The answer consists solely of the data below, reproduced exactly.

## Exercise materials
[Start of Attachment]
text \<open>In a (4,1)-free 3-graph, if \<open>{a,b,x}\<close> and \<open>{a,b,y}\<close> are non-edges then \<open>{a,x,y}\<close> and
  \<open>{b,x,y}\<close> are both edges or both non-edges. Suppose there is no homogeneous set of size \<open>k\<close>.
  Choose vertices \<open>v\<^sub>0, v\<^sub>1, \<dots>\<close> greedily, keeping a pool of candidates, so that whether
  \<open>{v\<^sub>i, v\<^sub>j, w}\<close> is an edge for later \<open>w\<close> depends only on \<open>i < j\<close>. The twin property lets
  every earlier vertex be tracked by one of fewer than \<open>k\<close> representatives spanning a clique, so
  each step shrinks the pool by a factor \<open>O(k)\<close> on average and \<open>k\<^sup>2 + 1\<close> steps are possible
  once \<open>n \<ge> 2 (6k)\<^bsup>k\<^sup>2 + 1\<^esup>\<close>. The induced colouring of pairs \<open>i < j\<close> again has the twin
  property, which forces a monochromatic set of size \<open>k\<close> among \<open>k\<^sup>2\<close> indices, i.e. a
  homogeneous set. Hence \<open>h\<^sub>3(n,4,1) \<ge> k\<close> whenever \<open>log n \<ge> c k\<^sup>2 log k\<close>.\<close>

lemma card3_subset_of_four:
  assumes "e \<subseteq> {a,b,c,d}" "card e = 3" "distinct [a,b,c,d]"
  shows "e = {b,c,d} \<or> e = {a,c,d} \<or> e = {a,b,d} \<or> e = {a,b,c}"
proof -
  have "finite e" using assms(2) by (metis card.infinite zero_neq_numeral)
  have four: "card {a,b,c,d} = 4" using assms(3) by auto
  have "\<not> {a,b,c,d} \<subseteq> e"
  proof
    assume "{a,b,c,d} \<subseteq> e"
    then have "card {a,b,c,d} \<le> card e" using \<open>finite e\<close> card_mono by blast
    then show False using four assms(2) by simp
  qed
  then obtain u where u: "u \<in> {a,b,c,d}" "u \<notin> e" by blast
  then have sub: "e \<subseteq> {a,b,c,d} - {u}" using assms(1) by blast
  have "card ({a,b,c,d} - {u}) = 3" using four u(1) by simp
  then have "e = {a,b,c,d} - {u}" using card_subset_eq[OF _ sub] assms(2) by simp
  then show ?thesis using u(1) assms(3) by auto
qed

lemma sum_Pow_power_card:
  fixes q :: "'b::comm_semiring_1"
  assumes "finite A"
  shows "(\<Sum>Z\<in>Pow A. q ^ card Z) = (1 + q) ^ card A"
  using prod_add[OF assms, of "\<lambda>_. q" "\<lambda>_. 1"] by (simp add: add.commute)

lemma one_plus_inverse_power_le_3:
  assumes "m \<le> k" "0 < k"
  shows "(1 + 1 / real k) ^ m \<le> 3"
proof -
  have "(1 + 1 / real k) ^ m \<le> exp (1 / real k) ^ m"
    by (rule power_mono) (use exp_ge_add_one_self in auto)
  also have "\<dots> = exp (real m / real k)" by (simp add: exp_of_nat_mult[symmetric])
  also have "\<dots> \<le> exp 1" using assms by simp
  also have "\<dots> \<le> 3" by (rule exp_le)
  finally show ?thesis .
qed

text \<open>The weights \<open>(1/k) ^ card Z\<close> over all \<open>Z \<subseteq> A\<close> sum to \<open>(1 + 1/k) ^ card A < e\<close>, so some
  fibre exceeds its weighted share of \<open>S\<close>.\<close>
lemma exists_heavy_fibre:
  fixes f :: "'a \<Rightarrow> 'b set"
  assumes "finite S" "finite A" "f ` S \<subseteq> Pow A" "card A < k"
  shows "\<exists>Z\<subseteq>A. real (card S) \<le> 3 * real k ^ card Z * real (card {w\<in>S. f w = Z})"
proof (rule ccontr)
  assume "\<not> ?thesis"
  then have light: "real (card {w\<in>S. f w = Z}) < real (card S) / 3 * (1 / real k) ^ card Z"
    if "Z \<in> Pow A" for Z
    using that assms(4) by (auto simp: not_le power_one_over field_simps)
  have "real (card S) = (\<Sum>Z\<in>Pow A. real (card {w\<in>S. f w = Z}))"
    using sum.group[OF assms(1) finite_Pow_iff[THEN iffD2, OF assms(2)] assms(3), of "\<lambda>_. 1::real"]
    by simp
  also have "\<dots> < (\<Sum>Z\<in>Pow A. real (card S) / 3 * (1 / real k) ^ card Z)"
    by (rule sum_strict_mono) (use assms(2) light in auto)
  also have "\<dots> = real (card S) / 3 * (\<Sum>Z\<in>Pow A. (1 / real k) ^ card Z)"
    by (rule sum_distrib_left[symmetric])
  also have "\<dots> = real (card S) / 3 * (1 + 1 / real k) ^ card A"
    by (simp only: sum_Pow_power_card[OF assms(2)])
  also have "\<dots> \<le> real (card S) / 3 * 3"
    using one_plus_inverse_power_le_3[of "card A" k] assms(4) by (intro mult_left_mono) auto
  finally show False by simp
qed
[End of Attachment]
## Finished task
text \<open>In a (4,1)-free 3-graph, if \<open>{a,b,x}\<close> and \<open>{a,b,y}\<close> are non-edges then \<open>{a,x,y}\<close> and
  \<open>{b,x,y}\<close> are both edges or both non-edges. Suppose there is no homogeneous set of size \<open>k\<close>.
  Choose vertices \<open>v\<^sub>0, v\<^sub>1, \<dots>\<close> greedily, keeping a pool of candidates, so that whether
  \<open>{v\<^sub>i, v\<^sub>j, w}\<close> is an edge for later \<open>w\<close> depends only on \<open>i < j\<close>. The twin property lets
  every earlier vertex be tracked by one of fewer than \<open>k\<close> representatives spanning a clique, so
  each step shrinks the pool by a factor \<open>O(k)\<close> on average and \<open>k\<^sup>2 + 1\<close> steps are possible
  once \<open>n \<ge> 2 (6k)\<^bsup>k\<^sup>2 + 1\<^esup>\<close>. The induced colouring of pairs \<open>i < j\<close> again has the twin
  property, which forces a monochromatic set of size \<open>k\<close> among \<open>k\<^sup>2\<close> indices, i.e. a
  homogeneous set. Hence \<open>h\<^sub>3(n,4,1) \<ge> k\<close> whenever \<open>log n \<ge> c k\<^sup>2 log k\<close>.\<close>

lemma card3_subset_of_four:
  assumes "e \<subseteq> {a,b,c,d}" "card e = 3" "distinct [a,b,c,d]"
  shows "e = {b,c,d} \<or> e = {a,c,d} \<or> e = {a,b,d} \<or> e = {a,b,c}"
proof -
  have "finite e" using assms(2) by (metis card.infinite zero_neq_numeral)
  have four: "card {a,b,c,d} = 4" using assms(3) by auto
  have "\<not> {a,b,c,d} \<subseteq> e"
  proof
    assume "{a,b,c,d} \<subseteq> e"
    then have "card {a,b,c,d} \<le> card e" using \<open>finite e\<close> card_mono by blast
    then show False using four assms(2) by simp
  qed
  then obtain u where u: "u \<in> {a,b,c,d}" "u \<notin> e" by blast
  then have sub: "e \<subseteq> {a,b,c,d} - {u}" using assms(1) by blast
  have "card ({a,b,c,d} - {u}) = 3" using four u(1) by simp
  then have "e = {a,b,c,d} - {u}" using card_subset_eq[OF _ sub] assms(2) by simp
  then show ?thesis using u(1) assms(3) by auto
qed

lemma sum_Pow_power_card:
  fixes q :: "'b::comm_semiring_1"
  assumes "finite A"
  shows "(\<Sum>Z\<in>Pow A. q ^ card Z) = (1 + q) ^ card A"
  using prod_add[OF assms, of "\<lambda>_. q" "\<lambda>_. 1"] by (simp add: add.commute)

lemma one_plus_inverse_power_le_3:
  assumes "m \<le> k" "0 < k"
  shows "(1 + 1 / real k) ^ m \<le> 3"
proof -
  have "(1 + 1 / real k) ^ m \<le> exp (1 / real k) ^ m"
    by (rule power_mono) (use exp_ge_add_one_self in auto)
  also have "\<dots> = exp (real m / real k)" by (simp add: exp_of_nat_mult[symmetric])
  also have "\<dots> \<le> exp 1" using assms by simp
  also have "\<dots> \<le> 3" by (rule exp_le)
  finally show ?thesis .
qed

text \<open>The weights \<open>(1/k) ^ card Z\<close> over all \<open>Z \<subseteq> A\<close> sum to \<open>(1 + 1/k) ^ card A < e\<close>, so some
  fibre exceeds its weighted share of \<open>S\<close>.\<close>
lemma exists_heavy_fibre:
  fixes f :: "'a \<Rightarrow> 'b set"
  assumes "finite S" "finite A" "f ` S \<subseteq> Pow A" "card A < k"
  shows "\<exists>Z\<subseteq>A. real (card S) \<le> 3 * real k ^ card Z * real (card {w\<in>S. f w = Z})"
proof (rule ccontr)
  assume "\<not> ?thesis"
  then have light: "real (card {w\<in>S. f w = Z}) < real (card S) / 3 * (1 / real k) ^ card Z"
    if "Z \<in> Pow A" for Z
    using that assms(4) by (auto simp: not_le power_one_over field_simps)
  have "real (card S) = (\<Sum>Z\<in>Pow A. real (card {w\<in>S. f w = Z}))"
    using sum.group[OF assms(1) finite_Pow_iff[THEN iffD2, OF assms(2)] assms(3), of "\<lambda>_. 1::real"]
    by simp
  also have "\<dots> < (\<Sum>Z\<in>Pow A. real (card S) / 3 * (1 / real k) ^ card Z)"
    by (rule sum_strict_mono) (use assms(2) light in auto)
  also have "\<dots> = real (card S) / 3 * (\<Sum>Z\<in>Pow A. (1 / real k) ^ card Z)"
    by (rule sum_distrib_left[symmetric])
  also have "\<dots> = real (card S) / 3 * (1 + 1 / real k) ^ card A"
    by (simp only: sum_Pow_power_card[OF assms(2)])
  also have "\<dots> \<le> real (card S) / 3 * 3"
    using one_plus_inverse_power_le_3[of "card A" k] assms(4) by (intro mult_left_mono) auto
  finally show False by simp
qed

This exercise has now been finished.